In 12 C.F.R. § 202.2(e), the Board of Governors of the Federal Reserve System (FRB) interpreted the term “applicant” to “include guarantors” (this interpretation was also adopted by the Consumer Financial Protection Bureau (CFPB) in 12 C.F.R. § 1002.2(e)). In Hawkins, however, the court refused to defer to the FRB’s interpretation of the term “applicant,” and instead concluded that “a person is an applicant only if she requests credit…[a] person does not, by executing a guaranty, request credit.” In other words, the court concluded that the spousal guarantors in Hawkins were “not applicants under the ECOA, and thus [the bank in that case] did not violate the ECOA by requiring them to execute the guaranties.”

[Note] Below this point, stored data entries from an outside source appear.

lemma symplectic_mult:
  assumes Q: "Q \<in> carrier_mat (2 * n) (2 * n)" and S: "S \<in> carrier_mat (2 * n) (2 * n)" "unitary_mat S"
    and intertwining: "(conj_tr Q * J_mat n * Q) * S = S * J_mat n"
  shows "symplectic n (Q * S)"
proof -
  have [simp]: "conj_tr Q \<in> carrier_mat (2 * n) (2 * n)" "conj_tr S \<in> carrier_mat (2 * n) (2 * n)"
    using Q S by auto
  have [simp]: "A * B \<in> carrier_mat (2 * n) (2 * n)"
    if "A \<in> carrier_mat (2 * n) (2 * n)" "B \<in> carrier_mat (2 * n) (2 * n)" for A B
    using that by simp
  have "conj_tr (Q * S) * J_mat n * (Q * S) = conj_tr S * ((conj_tr Q * J_mat n * Q) * S)"
    using Q S by (simp add: conj_tr_mult[of _ "2 * n" "2 * n" _ "2 * n"]
        assoc_mult_mat[of _ "2 * n" "2 * n" _ "2 * n" _ "2 * n"])
  also have "\<dots> = (conj_tr S * S) * J_mat n"
    unfolding intertwining using S by (simp add: assoc_mult_mat[of _ "2 * n" "2 * n" _ "2 * n" _ "2 * n"])
  finally show ?thesis
    using Q S unitary_matD[OF S(2,1)] unfolding symplectic_def by simp
qed

definition symplectic_frame :: "nat \<Rightarrow> complex mat \<Rightarrow> (nat \<Rightarrow> nat) \<Rightarrow> complex mat" where
  "symplectic_frame n A p = mat (2 * n) (2 * n)
     (\<lambda>(r, c). if c < n then (if r = p c then 1 else 0) else - A $$ (r, p (c - n)))"

lemma symplectic_frame_carrier [simp]: "symplectic_frame n A p \<in> carrier_mat (2 * n) (2 * n)"
  unfolding symplectic_frame_def by simp

lemma dim_symplectic_frame [simp]:
  "dim_row (symplectic_frame n A p) = 2 * n" "dim_col (symplectic_frame n A p) = 2 * n"
  unfolding symplectic_frame_def by auto

lemma index_symplectic_frame:
  "r < 2 * n \<Longrightarrow> c < 2 * n \<Longrightarrow> symplectic_frame n A p $$ (r, c)
    = (if c < n then (if r = p c then 1 else 0) else - A $$ (r, p (c - n)))"
  unfolding symplectic_frame_def by simp

lemma index_conj_tr_symplectic_frame_mult:
  assumes A: "A \<in> carrier_mat (2 * n) (2 * n)" and p: "\<And>i. i < n \<Longrightarrow> p i < 2 * n"
    and cd: "c < 2 * n" "d < 2 * n"
  defines "S \<equiv> symplectic_frame n A p"
  shows "(conj_tr S * S) $$ (c, d) = (if c < n then S $$ (p c, d) else if d < n then cnj (S $$ (p d, c))
    else (conj_tr A * A) $$ (p (c - n), p (d - n)))"
proof -
  have prod: "(conj_tr S * S) $$ (c, d) = (\<Sum>r<2 * n. cnj (S $$ (r, c)) * S $$ (r, d))"
    unfolding S_def by (rule index_conj_tr_mult[OF symplectic_frame_carrier symplectic_frame_carrier cd])
  consider "c < n" | "\<not> c < n" "d < n" | "\<not> c < n" "\<not> d < n" by blast
  then show ?thesis
  proof cases
    case 1
    have "(conj_tr S * S) $$ (c, d) = (\<Sum>r<2 * n. if r = p c then S $$ (r, d) else 0)"
      unfolding prod using cd 1 by (intro sum.cong) (auto simp: S_def index_symplectic_frame)
    then show ?thesis using p[OF 1] 1 by simp
  next
    case 2
    have "(conj_tr S * S) $$ (c, d) = (\<Sum>r<2 * n. if r = p d then cnj (S $$ (r, c)) else 0)"
      unfolding prod using cd 2 by (intro sum.cong) (auto simp: S_def index_symplectic_frame)
    then show ?thesis using p[OF 2(2)] 2 by simp
  next
    case 3
    then have "c - n < n" "d - n < n" using cd by auto
    then show ?thesis
      unfolding prod index_conj_tr_mult[OF A A p[OF \<open>c - n < n\<close>] p[OF \<open>d - n < n\<close>]]
      using cd 3 by (auto simp: S_def index_symplectic_frame intro!: sum.cong)
  qed
qed

lemma unitary_symplectic_frame:
  assumes A: "A \<in> carrier_mat (2 * n) (2 * n)" "unitary_mat A"
    and p: "\<And>i. i < n \<Longrightarrow> p i < 2 * n" "inj_on p {..<n}"
    and isotropic: "\<And>i j. i < n \<Longrightarrow> j < n \<Longrightarrow> A $$ (p i, p j) = 0"
  shows "unitary_mat (symplectic_frame n A p)"
proof (rule unitary_matI[OF symplectic_frame_carrier], rule eq_matI)
  fix c d assume "c < dim_row (1\<^sub>m (2 * n))" "d < dim_col (1\<^sub>m (2 * n))"
  then have cd: "c < 2 * n" "d < 2 * n" by auto
  then have "c - n < n" "d - n < n" by auto
  then show "(conj_tr (symplectic_frame n A p) * symplectic_frame n A p) $$ (c, d) = 1\<^sub>m (2 * n) $$ (c, d)"
    using index_conj_tr_symplectic_frame_mult[OF A(1) p(1) cd] cd p isotropic unitary_matD[OF A(2,1)] inj_on_eq_iff[OF p(2), of "c - n" "d - n"]
    by (auto simp: index_symplectic_frame inj_on_eq_iff[OF p(2)])
qed auto

lemma symplectic_frame_intertwines_J_mat:
  assumes A: "A \<in> carrier_mat (2 * n) (2 * n)" "A * A = - 1\<^sub>m (2 * n)"
    and p: "\<And>i. i < n \<Longrightarrow> p i < 2 * n"
  shows "A * symplectic_frame n A p = symplectic_frame n A p * J_mat n"
proof (rule eq_matI)
  let ?S = "symplectic_frame n A p"
  fix r c assume "r < dim_row (?S * J_mat n)" "c < dim_col (?S * J_mat n)"
  then have rc: "r < 2 * n" "c < 2 * n" by auto
  have AS: "(A * ?S) $$ (r, c) = (\<Sum>k<2 * n. A $$ (r, k) * ?S $$ (k, c))"
    using A rc by (simp add: scalar_prod_def atLeast0LessThan)
  have SJ: "(?S * J_mat n) $$ (r, c) = (\<Sum>k<2 * n. ?S $$ (r, k) * J_mat n $$ (k, c))"
    using rc by (simp add: scalar_prod_def atLeast0LessThan)
  show "(A * ?S) $$ (r, c) = (?S * J_mat n) $$ (r, c)"
  proof (cases "c < n")
    case True
    have "(A * ?S) $$ (r, c) = (\<Sum>k<2 * n. if k = p c then A $$ (r, k) else 0)"
      unfolding AS using rc True by (intro sum.cong) (auto simp: index_symplectic_frame)
    also have "\<dots> = A $$ (r, p c)" using p[OF True] by simp
    also have "\<dots> = (\<Sum>k<2 * n. if k = c + n then - ?S $$ (r, k) else 0)"
      using rc True by (simp add: index_symplectic_frame)
    also have "\<dots> = (?S * J_mat n) $$ (r, c)"
      unfolding SJ using rc True by (intro sum.cong) (auto simp: index_J_mat)
    finally show ?thesis .
  next
    case False
    then have c': "c - n < n" using rc by auto
    have "(A * ?S) $$ (r, c) = - (\<Sum>k<2 * n. A $$ (r, k) * A $$ (k, p (c - n)))"
      unfolding AS using rc False
      by (subst sum_negf[symmetric], intro sum.cong) (auto simp: index_symplectic_frame)
    also have "\<dots> = - (A * A) $$ (r, p (c - n))"
      using A(1) rc p[OF c'] by (simp add: scalar_prod_def atLeast0LessThan)
    also have "\<dots> = (\<Sum>k<2 * n. if k = c - n then ?S $$ (r, k) else 0)"
      unfolding A(2) using rc c' p[OF c'] by (simp add: index_symplectic_frame)
    also have "\<dots> = (?S * J_mat n) $$ (r, c)"
      unfolding SJ using rc False by (intro sum.cong) (auto simp: index_J_mat)
    finally show ?thesis .
  qed
qed (use A in auto)

lemma mat_diag_mult_symplectic_frame:
  assumes p: "\<And>i. i < n \<Longrightarrow> p i < 2 * n"
    and conj: "\<And>r j. r < 2 * n \<Longrightarrow> j < n \<Longrightarrow> A $$ (r, p j) \<noteq> 0 \<Longrightarrow> f r = cnj (f (p j))"
  defines "D \<equiv> mat_diag n (\<lambda>i. f (p i))"
  shows "mat_diag (2 * n) f * symplectic_frame n A p
    = symplectic_frame n A p * four_block_mat D (0\<^sub>m n n) (0\<^sub>m n n) (conj_tr D)"
proof -
  let ?S = "symplectic_frame n A p"
  let ?g = "\<lambda>i. if i < n then f (p i) else cnj (f (p (i - n)))"
  have "four_block_mat D (0\<^sub>m n n) (0\<^sub>m n n) (conj_tr D) = mat_diag (2 * n) ?g"
    unfolding D_def conj_tr_mat_diag four_block_mat_diag by (simp add: mult_2)
  moreover have "mat_diag (2 * n) f * ?S = ?S * mat_diag (2 * n) ?g"
  proof (rule eq_matI)
    fix r c assume "r < dim_row (?S * mat_diag (2 * n) ?g)" "c < dim_col (?S * mat_diag (2 * n) ?g)"
    then have rc: "r < 2 * n" "c < 2 * n" by auto
    show "(mat_diag (2 * n) f * ?S) $$ (r, c) = (?S * mat_diag (2 * n) ?g) $$ (r, c)"
    proof (cases "c < n")
      case False
      then have c': "c - n < n" using rc by auto
      show ?thesis using conj[OF rc(1) c'] rc False
        by (auto simp: mat_diag_mult_left[of _ "2 * n" "2 * n"]
            mat_diag_mult_right[of _ "2 * n" "2 * n"] index_symplectic_frame)
    qed (use rc in \<open>auto simp: mat_diag_mult_left[of _ "2 * n" "2 * n"]
            mat_diag_mult_right[of _ "2 * n" "2 * n"] index_symplectic_frame\<close>)
  qed auto
  ultimately show ?thesis by simp
qed

lemma symplectic_frame_diagonalization:
  assumes A: "A \<in> carrier_mat (2 * n) (2 * n)" "unitary_mat A" "A * A = - 1\<^sub>m (2 * n)"
    and intertwining: "A * mat_diag (2 * n) f = mat_diag (2 * n) (\<lambda>i. cnj (f i)) * A"
    and nonreal: "\<And>k. k < 2 * n \<Longrightarrow> Im (f k) \<noteq> 0"
  obtains S D where "S \<in> carrier_mat (2 * n) (2 * n)" "unitary_mat S" "A * S = S * J_mat n"
    "D \<in> carrier_mat n n" "diagonal_mat D"
    "mat_diag (2 * n) f * S = S * four_block_mat D (0\<^sub>m n n) (0\<^sub>m n n) (conj_tr D)"
proof -
  have conj: "f k = cnj (f j)" if "j < 2 * n" "k < 2 * n" "A $$ (j, k) \<noteq> 0" for j k
    using mat_diag_intertwining_entry[OF A(1) intertwining that] .
  define P where "P = {k. k < 2 * n \<and> 0 < Im (f k)}"
  define N where "N = {k. k < 2 * n \<and> Im (f k) < 0}"
  have PN: "P \<union> N = {..<2 * n}" "P \<inter> N = {}"
    using nonreal unfolding P_def N_def by (auto simp: neq_iff)
  have zero: "A $$ (j, k) = 0" if "j \<in> P \<and> k \<in> P \<or> j \<in> N \<and> k \<in> N" for j k
    using that conj[of j k] unfolding P_def N_def by force
  have "card P + card N = 2 * n"
    using card_Un_disjoint[of P N] PN by (simp add: P_def N_def)
  then have "card P = n"
    using card_eq_if_unitary_off_diagonal_blocks[OF A(1,2) PN zero] by simp
  define p where "p i = sorted_list_of_set P ! i" for i
  have "finite P" by (simp add: P_def)
  then have pP: "p i \<in> P" if "i < n" for i
    using \<open>card P = n\<close> that unfolding p_def by (metis nth_mem set_sorted_list_of_set length_sorted_list_of_set)
  have p: "p i < 2 * n" if "i < n" for i using pP[OF that] by (simp add: P_def)
  have "inj_on p {..<n}"
    using \<open>finite P\<close> \<open>card P = n\<close> unfolding p_def
    by (intro inj_onI) (simp add: nth_eq_iff_index_eq[OF distinct_sorted_list_of_set])
  define S where "S = symplectic_frame n A p"
  define D where "D = mat_diag n (\<lambda>i. f (p i))"
  have "unitary_mat S"
    unfolding S_def using zero pP by (intro unitary_symplectic_frame[OF A(1,2) p \<open>inj_on p {..<n}\<close>]) auto
  moreover have "A * S = S * J_mat n"
    unfolding S_def by (rule symplectic_frame_intertwines_J_mat[OF A(1,3) p])
  moreover have "mat_diag (2 * n) f * S = S * four_block_mat D (0\<^sub>m n n) (0\<^sub>m n n) (conj_tr D)"
    unfolding S_def D_def using conj p
    by (intro mat_diag_mult_symplectic_frame) (auto simp: complex_cnj_cancel_iff)
  moreover have "diagonal_mat D" by (simp add: D_def diagonal_mat_def mat_diag_def)
  ultimately show ?thesis using that[of S D] by (simp add: S_def D_def)
qed

theorem lemma2p2:
  fixes n :: nat and W :: "complex mat"
  assumes "n \<ge> 1"
    and "W \<in> carrier_mat (2*n) (2*n)"
    and "normal_mat W"
    and "skew_hamiltonian n W"
    and "\<forall>ev. eigenvalue W ev \<longrightarrow> Im ev \<noteq> 0"
  shows "\<exists>U D. U \<in> carrier_mat (2*n) (2*n) \<and> unitary_mat U \<and> symplectic n U \<and>
           D \<in> carrier_mat n n \<and> diagonal_mat D \<and>
           W = U * four_block_mat D (0\<^sub>m n n) (0\<^sub>m n n) (conj_tr D) * conj_tr U"
proof -
  let ?J = "J_mat n"
  obtain Q f where Q: "Q \<in> carrier_mat (2 * n) (2 * n)" "unitary_mat Q"
    and W: "W = Q * mat_diag (2 * n) f * conj_tr Q"
    using normal_mat_unitary_diagonalizable[OF assms(2,3)] by blast
  define A where "A = conj_tr Q * ?J * Q"
  have "A \<in> carrier_mat (2 * n) (2 * n)" "unitary_mat A" "A * A = - 1\<^sub>m (2 * n)"
    using unitary_conj_J_mat[OF Q] unfolding A_def by auto
  moreover have "A * mat_diag (2 * n) f = mat_diag (2 * n) (\<lambda>i. cnj (f i)) * A"
    using unitary_conj_intertwining[OF Q W J_mat_carrier] assms(4)
    unfolding A_def skew_hamiltonian_iff by simp
  moreover have "Im (f k) \<noteq> 0" if "k < 2 * n" for k
    using assms(5) eigenvalue_unitary_diagonalization[OF Q W that] by simp
  ultimately obtain S D where S: "S \<in> carrier_mat (2 * n) (2 * n)" "unitary_mat S" "A * S = S * ?J"
    and D: "D \<in> carrier_mat n n" "diagonal_mat D"
    and diag: "mat_diag (2 * n) f * S = S * four_block_mat D (0\<^sub>m n n) (0\<^sub>m n n) (conj_tr D)"
    using symplectic_frame_diagonalization by metis
  let ?DD = "four_block_mat D (0\<^sub>m n n) (0\<^sub>m n n) (conj_tr D)"
  have DD: "?DD \<in> carrier_mat (2 * n) (2 * n)" using D by (simp add: mult_2)
  have "W = Q * (S * ?DD * conj_tr S) * conj_tr Q"
    unfolding W unitary_intertwining_congruence[OF S(1,2) mat_diag_dim DD diag] ..
  also have "\<dots> = (Q * S) * ?DD * conj_tr (Q * S)"
    by (rule conj_tr_congruence_mult[OF Q(1) S(1) DD])
  finally show ?thesis
    using Q S D symplectic_mult[OF Q(1) S(1,2)] unitary_mat_mult[OF Q(2,1) S(2,1)]
    unfolding A_def by (intro exI[of _ "Q * S"] exI[of _ D]) auto
qed

end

The impact of the U.S. Supreme Court’s decision

The U.S. Supreme Court affirmed the Eighth Circuit’s holding in Hawkins by a 4-4 decision, meaning that the ruling in Hawkins will remain the law in the Eighth Circuit, but the decision is not a nationwide precedent for future cases, and creditors must continue to follow the varying decisions of the courts where they operate. Whether a spousal guarantor is an “applicant” under the ECOA will not be uniformly resolved until a new justice is added to the U.S. Supreme Court, and the U.S. Supreme Court takes up the issue again in the future.

Caution to creditors

Although the Eighth Circuit held in Hawkins that a guarantor is not an “applicant” under the ECOA, this does not mean that creditors should require the signature of a spousal guarantor. Under 12 C.F.R. § 1002.7(d), a creditor cannot “require the signature of an applicant’s spouse or other person…on any credit instrument if the applicant qualifies under the creditor’s standards of creditworthiness for the amount and terms of the credit requested.” Additionally, the CFPB explains in its official commentary to 12 C.F.R. § 1002.7 that “[w]hen an applicant requests individual credit but does not meet a creditor’s standards, the creditor may require a cosigner, guarantor, endorser, or similar party – but cannot require that it be the spouse.”

The decision in Hawkins does not appear to affect these rules. However, based on the decision in Hawkins, if a creditor illegally requires a spouse to sign a guaranty as a condition of extending credit to an applicant, only the applicant – not the guarantor – will have standing to sue under the ECOA as an aggrieved applicant (at least in the Eighth Circuit).